ASSIGNMENT:
Tally the lines in the entries where the string "cases" appears, and write only the total.

++++ DATA FOR THIS EXERCISE ++++

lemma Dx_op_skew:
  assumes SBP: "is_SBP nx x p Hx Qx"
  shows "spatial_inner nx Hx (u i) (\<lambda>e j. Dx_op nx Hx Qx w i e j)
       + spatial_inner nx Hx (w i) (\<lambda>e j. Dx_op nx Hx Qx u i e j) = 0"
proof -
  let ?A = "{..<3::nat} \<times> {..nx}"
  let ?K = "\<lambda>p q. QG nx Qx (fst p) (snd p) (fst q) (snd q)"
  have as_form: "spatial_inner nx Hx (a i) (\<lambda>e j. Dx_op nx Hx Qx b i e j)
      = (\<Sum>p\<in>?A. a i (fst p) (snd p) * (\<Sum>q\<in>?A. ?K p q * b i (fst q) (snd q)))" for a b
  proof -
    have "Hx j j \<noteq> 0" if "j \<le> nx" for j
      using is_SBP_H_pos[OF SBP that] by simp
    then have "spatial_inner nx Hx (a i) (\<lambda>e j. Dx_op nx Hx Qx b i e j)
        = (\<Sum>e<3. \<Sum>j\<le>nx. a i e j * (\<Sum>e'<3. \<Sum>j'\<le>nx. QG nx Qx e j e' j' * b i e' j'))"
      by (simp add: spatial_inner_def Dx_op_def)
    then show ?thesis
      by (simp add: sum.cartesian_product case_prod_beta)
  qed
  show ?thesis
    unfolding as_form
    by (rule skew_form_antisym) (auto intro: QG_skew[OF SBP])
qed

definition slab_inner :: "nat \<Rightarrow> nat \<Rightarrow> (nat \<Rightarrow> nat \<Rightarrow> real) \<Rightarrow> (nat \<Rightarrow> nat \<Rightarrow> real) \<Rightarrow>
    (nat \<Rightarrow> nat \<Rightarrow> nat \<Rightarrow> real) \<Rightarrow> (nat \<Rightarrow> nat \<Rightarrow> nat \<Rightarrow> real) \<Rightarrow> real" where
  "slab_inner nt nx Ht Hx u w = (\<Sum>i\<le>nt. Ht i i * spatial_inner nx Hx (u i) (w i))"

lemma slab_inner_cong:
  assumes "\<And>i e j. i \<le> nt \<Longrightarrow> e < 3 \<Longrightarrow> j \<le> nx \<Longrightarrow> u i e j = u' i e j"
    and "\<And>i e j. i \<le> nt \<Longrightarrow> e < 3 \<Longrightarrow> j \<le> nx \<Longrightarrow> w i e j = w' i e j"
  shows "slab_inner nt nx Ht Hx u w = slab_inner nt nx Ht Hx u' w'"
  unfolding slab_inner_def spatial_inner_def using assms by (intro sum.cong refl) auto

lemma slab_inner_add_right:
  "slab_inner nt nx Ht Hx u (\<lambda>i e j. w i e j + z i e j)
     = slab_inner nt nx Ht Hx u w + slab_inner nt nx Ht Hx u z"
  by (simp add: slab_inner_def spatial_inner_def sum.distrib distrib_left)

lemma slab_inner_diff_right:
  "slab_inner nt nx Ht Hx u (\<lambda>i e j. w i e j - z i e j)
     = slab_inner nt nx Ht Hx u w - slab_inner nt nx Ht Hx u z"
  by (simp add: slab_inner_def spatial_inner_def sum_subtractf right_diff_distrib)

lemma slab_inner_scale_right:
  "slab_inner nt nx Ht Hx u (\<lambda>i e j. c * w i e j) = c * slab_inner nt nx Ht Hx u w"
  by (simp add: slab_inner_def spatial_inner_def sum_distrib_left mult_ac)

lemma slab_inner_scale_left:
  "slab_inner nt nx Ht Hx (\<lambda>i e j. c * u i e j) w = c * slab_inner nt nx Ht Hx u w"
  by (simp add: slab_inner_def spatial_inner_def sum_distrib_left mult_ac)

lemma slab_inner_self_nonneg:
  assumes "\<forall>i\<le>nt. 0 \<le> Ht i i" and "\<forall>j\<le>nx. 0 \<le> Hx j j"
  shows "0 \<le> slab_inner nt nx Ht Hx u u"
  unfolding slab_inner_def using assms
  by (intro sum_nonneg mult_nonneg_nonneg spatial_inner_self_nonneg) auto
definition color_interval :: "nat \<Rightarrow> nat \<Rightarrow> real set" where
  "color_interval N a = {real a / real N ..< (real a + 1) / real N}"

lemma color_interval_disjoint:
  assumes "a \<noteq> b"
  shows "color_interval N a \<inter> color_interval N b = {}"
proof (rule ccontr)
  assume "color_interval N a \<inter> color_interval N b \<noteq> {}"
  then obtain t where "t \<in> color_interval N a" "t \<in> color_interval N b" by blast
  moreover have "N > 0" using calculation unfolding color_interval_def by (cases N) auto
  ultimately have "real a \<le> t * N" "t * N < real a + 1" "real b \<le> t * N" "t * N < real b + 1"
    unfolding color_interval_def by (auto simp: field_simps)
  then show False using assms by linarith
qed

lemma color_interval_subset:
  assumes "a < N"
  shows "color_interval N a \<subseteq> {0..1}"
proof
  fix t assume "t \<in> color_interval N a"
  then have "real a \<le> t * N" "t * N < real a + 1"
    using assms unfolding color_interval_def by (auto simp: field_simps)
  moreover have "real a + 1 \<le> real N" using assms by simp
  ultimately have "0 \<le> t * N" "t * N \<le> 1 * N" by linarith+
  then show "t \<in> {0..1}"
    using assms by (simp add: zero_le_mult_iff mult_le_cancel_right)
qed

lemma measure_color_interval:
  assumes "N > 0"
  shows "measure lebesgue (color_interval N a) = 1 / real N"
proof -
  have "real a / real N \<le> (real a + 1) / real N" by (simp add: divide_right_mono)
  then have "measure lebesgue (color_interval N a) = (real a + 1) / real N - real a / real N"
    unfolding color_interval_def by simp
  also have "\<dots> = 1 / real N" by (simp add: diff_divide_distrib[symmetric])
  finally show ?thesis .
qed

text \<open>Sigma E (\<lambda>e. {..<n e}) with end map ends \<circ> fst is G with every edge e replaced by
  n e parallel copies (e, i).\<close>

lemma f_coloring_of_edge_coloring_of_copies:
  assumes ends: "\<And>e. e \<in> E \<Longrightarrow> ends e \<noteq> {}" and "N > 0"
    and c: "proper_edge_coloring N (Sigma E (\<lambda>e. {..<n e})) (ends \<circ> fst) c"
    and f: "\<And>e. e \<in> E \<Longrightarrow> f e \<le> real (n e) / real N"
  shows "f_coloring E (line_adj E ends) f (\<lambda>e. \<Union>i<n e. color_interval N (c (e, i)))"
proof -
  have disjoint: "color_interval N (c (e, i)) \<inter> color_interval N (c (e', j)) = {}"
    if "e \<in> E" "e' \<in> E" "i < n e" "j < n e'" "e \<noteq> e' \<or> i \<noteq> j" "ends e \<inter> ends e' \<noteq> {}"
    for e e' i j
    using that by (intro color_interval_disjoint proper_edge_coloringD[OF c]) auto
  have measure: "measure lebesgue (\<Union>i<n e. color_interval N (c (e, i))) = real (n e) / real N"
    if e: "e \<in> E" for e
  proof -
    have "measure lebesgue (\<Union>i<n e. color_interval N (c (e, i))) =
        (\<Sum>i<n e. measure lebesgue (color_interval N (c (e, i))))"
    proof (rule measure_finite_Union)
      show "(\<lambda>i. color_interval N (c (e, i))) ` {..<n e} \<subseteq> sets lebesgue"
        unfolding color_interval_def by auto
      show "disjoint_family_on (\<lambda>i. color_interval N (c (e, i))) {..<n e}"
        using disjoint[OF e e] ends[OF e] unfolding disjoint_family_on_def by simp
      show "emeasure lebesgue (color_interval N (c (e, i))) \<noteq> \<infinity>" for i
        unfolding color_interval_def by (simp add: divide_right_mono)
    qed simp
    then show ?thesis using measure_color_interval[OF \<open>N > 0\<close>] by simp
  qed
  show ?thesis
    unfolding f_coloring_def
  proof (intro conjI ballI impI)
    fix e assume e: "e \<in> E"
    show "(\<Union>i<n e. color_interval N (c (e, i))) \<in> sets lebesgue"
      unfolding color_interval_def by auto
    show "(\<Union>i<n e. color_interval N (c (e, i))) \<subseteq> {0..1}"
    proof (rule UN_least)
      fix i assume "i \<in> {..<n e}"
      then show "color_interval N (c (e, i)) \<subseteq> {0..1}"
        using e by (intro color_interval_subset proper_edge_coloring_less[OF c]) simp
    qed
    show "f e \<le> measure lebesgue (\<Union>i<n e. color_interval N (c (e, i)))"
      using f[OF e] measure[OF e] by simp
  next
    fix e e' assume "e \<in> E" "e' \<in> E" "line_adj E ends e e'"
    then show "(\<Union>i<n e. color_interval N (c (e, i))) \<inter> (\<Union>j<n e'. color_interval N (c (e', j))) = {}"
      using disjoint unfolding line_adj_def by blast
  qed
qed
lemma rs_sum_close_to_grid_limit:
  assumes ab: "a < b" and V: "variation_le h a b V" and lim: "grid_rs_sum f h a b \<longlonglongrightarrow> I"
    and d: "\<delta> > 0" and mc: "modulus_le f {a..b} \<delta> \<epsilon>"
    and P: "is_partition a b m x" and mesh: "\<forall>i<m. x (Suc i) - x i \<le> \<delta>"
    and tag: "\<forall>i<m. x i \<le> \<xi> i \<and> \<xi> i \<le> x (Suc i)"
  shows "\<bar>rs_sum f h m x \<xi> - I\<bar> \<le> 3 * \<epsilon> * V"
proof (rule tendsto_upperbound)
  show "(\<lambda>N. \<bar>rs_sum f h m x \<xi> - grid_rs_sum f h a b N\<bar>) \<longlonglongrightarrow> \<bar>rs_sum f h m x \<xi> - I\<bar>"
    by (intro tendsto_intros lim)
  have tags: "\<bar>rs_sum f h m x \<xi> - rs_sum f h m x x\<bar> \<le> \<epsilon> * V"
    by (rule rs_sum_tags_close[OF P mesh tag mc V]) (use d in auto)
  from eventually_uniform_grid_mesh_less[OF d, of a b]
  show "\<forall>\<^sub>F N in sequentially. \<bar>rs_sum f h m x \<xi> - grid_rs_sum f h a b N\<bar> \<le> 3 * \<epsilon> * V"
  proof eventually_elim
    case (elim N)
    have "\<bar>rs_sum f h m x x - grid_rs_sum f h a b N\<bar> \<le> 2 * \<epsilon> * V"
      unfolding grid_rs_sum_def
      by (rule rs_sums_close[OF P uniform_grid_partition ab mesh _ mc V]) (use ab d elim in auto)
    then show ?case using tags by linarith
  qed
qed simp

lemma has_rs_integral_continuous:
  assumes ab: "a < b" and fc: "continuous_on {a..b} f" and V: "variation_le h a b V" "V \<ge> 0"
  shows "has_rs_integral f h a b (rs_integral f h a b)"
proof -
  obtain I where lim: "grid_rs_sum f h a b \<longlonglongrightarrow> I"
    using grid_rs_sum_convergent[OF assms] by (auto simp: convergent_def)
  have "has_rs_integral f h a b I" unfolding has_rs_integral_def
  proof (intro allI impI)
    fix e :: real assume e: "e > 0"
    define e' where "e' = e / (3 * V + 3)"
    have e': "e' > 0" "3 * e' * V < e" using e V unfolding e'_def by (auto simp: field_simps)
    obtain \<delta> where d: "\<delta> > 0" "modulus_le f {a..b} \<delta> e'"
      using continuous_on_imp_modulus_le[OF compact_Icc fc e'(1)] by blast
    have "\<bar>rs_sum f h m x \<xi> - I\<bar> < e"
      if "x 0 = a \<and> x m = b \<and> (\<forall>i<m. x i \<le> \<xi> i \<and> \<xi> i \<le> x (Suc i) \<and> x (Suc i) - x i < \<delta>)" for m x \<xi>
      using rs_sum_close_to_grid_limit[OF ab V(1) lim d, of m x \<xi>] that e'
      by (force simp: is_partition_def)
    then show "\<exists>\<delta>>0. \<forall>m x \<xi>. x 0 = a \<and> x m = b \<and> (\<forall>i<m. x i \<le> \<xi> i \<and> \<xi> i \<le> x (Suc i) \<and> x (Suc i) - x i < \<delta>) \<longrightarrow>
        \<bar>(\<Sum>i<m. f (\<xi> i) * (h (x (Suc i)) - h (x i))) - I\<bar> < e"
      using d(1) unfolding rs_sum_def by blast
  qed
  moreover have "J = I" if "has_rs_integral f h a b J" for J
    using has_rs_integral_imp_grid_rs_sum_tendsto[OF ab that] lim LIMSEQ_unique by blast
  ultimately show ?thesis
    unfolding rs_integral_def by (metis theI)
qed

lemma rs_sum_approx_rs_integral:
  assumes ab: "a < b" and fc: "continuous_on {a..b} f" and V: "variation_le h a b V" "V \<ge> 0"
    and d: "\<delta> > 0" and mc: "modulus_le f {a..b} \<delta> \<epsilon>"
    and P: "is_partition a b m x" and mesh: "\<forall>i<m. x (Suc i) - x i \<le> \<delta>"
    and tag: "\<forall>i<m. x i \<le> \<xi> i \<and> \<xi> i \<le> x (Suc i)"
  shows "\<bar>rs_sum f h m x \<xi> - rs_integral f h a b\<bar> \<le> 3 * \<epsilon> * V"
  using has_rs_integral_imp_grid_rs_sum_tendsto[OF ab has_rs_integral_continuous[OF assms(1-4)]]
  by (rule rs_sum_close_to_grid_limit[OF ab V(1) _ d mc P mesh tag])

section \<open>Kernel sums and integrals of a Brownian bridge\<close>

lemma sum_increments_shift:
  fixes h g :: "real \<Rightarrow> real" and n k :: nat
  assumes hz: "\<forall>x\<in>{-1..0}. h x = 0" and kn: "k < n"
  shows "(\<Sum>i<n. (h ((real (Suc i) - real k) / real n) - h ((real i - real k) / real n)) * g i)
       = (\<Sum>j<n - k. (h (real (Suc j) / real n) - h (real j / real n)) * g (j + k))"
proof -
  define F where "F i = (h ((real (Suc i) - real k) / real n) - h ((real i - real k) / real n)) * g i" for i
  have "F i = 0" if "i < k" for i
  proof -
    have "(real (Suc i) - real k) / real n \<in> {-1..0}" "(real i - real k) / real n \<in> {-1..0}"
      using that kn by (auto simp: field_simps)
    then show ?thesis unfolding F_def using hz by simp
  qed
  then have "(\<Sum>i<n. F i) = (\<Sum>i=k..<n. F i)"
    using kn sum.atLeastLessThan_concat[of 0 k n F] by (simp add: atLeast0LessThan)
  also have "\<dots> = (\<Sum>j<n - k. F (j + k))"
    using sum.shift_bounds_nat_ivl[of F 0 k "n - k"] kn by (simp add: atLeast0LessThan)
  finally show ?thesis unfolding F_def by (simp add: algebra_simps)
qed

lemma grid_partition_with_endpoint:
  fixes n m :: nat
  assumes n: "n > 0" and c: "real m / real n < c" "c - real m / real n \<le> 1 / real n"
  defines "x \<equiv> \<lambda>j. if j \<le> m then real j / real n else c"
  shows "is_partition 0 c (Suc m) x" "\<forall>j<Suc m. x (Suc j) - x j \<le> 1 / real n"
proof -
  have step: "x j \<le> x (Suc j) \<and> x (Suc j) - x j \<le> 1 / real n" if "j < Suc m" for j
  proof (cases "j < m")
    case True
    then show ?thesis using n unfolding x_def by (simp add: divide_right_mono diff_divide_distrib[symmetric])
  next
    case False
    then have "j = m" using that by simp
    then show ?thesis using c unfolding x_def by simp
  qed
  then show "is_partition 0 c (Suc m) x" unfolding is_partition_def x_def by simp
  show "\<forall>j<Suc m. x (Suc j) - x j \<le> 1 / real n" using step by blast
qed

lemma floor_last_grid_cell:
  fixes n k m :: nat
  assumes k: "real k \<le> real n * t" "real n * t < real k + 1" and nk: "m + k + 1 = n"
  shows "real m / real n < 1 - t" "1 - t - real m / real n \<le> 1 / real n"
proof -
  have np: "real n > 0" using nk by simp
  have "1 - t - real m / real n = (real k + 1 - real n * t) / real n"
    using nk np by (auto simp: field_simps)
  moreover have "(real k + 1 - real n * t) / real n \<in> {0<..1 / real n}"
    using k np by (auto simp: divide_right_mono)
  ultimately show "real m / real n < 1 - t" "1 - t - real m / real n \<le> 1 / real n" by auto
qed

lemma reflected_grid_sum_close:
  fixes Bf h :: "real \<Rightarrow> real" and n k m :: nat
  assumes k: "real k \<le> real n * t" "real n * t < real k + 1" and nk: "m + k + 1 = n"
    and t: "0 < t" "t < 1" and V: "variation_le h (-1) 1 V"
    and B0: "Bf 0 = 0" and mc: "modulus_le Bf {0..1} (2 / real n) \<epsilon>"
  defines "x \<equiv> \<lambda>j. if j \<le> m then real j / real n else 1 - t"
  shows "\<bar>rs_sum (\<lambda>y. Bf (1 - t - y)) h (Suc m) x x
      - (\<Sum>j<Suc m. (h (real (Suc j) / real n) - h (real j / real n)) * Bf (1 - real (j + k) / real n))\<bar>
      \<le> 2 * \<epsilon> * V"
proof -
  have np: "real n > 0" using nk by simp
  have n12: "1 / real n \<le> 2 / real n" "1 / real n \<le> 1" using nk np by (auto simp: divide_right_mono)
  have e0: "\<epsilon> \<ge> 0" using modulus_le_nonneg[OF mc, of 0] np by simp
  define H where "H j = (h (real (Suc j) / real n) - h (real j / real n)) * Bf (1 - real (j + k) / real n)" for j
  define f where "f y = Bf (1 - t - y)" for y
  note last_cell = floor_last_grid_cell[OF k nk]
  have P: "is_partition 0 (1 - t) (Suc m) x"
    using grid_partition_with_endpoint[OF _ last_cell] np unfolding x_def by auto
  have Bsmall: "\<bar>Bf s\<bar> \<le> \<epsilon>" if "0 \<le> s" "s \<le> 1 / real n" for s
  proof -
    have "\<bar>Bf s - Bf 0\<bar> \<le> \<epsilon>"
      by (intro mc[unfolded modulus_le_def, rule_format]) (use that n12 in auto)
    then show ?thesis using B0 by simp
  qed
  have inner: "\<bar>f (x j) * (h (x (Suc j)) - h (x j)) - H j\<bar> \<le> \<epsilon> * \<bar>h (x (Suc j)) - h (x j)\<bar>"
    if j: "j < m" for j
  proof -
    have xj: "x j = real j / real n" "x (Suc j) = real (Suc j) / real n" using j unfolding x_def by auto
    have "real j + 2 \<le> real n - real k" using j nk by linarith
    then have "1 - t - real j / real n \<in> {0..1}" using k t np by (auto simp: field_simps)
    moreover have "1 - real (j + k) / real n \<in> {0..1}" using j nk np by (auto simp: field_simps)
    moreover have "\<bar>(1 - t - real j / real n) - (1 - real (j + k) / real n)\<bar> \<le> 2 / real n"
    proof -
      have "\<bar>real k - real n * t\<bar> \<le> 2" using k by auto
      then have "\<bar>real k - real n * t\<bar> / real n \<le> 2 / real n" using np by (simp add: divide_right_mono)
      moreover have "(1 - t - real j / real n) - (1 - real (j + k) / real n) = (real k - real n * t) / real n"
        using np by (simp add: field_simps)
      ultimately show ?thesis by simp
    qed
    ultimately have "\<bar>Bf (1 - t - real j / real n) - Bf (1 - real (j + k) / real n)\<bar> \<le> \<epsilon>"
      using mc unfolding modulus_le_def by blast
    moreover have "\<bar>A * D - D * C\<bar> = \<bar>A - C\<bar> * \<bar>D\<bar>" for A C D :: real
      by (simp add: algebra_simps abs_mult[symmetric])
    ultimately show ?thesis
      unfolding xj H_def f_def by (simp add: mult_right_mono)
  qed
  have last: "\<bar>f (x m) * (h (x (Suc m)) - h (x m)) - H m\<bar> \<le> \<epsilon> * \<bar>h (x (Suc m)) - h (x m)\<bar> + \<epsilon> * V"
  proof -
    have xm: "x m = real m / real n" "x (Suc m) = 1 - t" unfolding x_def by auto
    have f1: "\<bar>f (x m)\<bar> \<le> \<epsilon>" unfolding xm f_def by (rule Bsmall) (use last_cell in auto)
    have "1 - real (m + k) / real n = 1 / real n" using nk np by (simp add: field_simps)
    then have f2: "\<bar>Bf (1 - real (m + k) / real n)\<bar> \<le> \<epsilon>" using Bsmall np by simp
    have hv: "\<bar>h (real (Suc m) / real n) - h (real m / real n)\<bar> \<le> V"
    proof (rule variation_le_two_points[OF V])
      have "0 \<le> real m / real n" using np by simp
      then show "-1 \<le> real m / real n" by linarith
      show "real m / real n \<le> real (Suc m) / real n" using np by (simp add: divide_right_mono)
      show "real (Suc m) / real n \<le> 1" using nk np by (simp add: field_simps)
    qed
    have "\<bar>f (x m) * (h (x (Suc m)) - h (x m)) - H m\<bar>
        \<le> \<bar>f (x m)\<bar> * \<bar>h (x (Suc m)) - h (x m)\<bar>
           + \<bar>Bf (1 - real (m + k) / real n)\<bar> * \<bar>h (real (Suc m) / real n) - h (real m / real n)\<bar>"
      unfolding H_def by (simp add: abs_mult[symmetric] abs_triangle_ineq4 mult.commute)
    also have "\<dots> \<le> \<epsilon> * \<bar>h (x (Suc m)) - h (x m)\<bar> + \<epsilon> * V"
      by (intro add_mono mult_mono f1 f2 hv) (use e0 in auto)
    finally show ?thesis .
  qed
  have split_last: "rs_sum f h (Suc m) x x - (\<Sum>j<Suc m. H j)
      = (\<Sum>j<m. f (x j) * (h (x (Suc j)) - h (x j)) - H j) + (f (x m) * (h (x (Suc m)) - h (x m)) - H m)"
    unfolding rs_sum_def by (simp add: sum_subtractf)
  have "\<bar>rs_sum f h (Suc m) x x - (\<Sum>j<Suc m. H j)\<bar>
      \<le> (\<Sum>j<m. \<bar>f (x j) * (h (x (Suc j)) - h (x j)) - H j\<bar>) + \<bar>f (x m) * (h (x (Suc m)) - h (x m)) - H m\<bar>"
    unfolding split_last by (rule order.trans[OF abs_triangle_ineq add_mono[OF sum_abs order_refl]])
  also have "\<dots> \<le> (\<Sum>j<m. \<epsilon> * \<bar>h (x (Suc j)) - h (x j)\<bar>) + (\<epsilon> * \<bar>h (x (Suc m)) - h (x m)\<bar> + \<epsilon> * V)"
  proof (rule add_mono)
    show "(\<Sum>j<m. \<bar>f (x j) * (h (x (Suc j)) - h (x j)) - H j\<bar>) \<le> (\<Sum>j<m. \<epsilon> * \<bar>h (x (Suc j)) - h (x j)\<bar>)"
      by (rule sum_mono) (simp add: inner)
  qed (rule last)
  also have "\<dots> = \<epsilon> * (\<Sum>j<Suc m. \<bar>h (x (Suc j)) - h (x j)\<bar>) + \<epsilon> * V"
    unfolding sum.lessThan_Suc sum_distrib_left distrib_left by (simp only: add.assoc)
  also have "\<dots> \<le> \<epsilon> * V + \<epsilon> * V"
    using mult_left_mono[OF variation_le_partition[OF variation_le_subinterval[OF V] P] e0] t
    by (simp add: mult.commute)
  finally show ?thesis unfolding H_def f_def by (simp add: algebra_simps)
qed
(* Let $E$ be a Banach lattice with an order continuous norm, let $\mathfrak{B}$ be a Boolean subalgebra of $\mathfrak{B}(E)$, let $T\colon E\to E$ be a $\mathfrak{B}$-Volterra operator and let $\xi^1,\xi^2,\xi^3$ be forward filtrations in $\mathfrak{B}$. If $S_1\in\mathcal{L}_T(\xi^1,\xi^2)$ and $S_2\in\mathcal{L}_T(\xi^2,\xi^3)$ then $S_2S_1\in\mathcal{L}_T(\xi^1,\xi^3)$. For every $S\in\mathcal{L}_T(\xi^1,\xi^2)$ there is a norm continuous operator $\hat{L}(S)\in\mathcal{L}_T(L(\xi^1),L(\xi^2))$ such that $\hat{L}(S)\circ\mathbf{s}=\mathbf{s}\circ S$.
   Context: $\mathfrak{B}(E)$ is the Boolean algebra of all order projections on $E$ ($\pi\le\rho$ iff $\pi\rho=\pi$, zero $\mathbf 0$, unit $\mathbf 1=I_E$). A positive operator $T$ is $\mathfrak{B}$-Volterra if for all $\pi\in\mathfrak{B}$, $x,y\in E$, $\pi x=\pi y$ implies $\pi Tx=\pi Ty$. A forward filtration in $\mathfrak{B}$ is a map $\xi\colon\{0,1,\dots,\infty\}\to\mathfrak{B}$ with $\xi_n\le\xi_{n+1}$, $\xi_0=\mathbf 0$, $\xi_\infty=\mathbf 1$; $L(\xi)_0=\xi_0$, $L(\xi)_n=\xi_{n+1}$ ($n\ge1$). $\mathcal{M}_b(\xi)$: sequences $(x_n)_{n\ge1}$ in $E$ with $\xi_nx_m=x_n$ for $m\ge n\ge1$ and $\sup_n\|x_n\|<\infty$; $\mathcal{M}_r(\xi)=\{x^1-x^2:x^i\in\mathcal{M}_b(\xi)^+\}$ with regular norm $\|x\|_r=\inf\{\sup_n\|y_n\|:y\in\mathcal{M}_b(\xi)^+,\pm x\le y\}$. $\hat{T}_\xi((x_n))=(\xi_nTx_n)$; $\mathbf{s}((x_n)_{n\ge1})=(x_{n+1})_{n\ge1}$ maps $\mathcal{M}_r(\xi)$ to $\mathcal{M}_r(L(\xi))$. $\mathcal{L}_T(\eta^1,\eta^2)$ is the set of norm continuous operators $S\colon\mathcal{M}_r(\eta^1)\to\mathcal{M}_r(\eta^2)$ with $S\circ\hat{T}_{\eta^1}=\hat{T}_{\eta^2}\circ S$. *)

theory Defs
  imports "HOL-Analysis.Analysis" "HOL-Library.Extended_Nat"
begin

++++

ANSWER SPACE:
2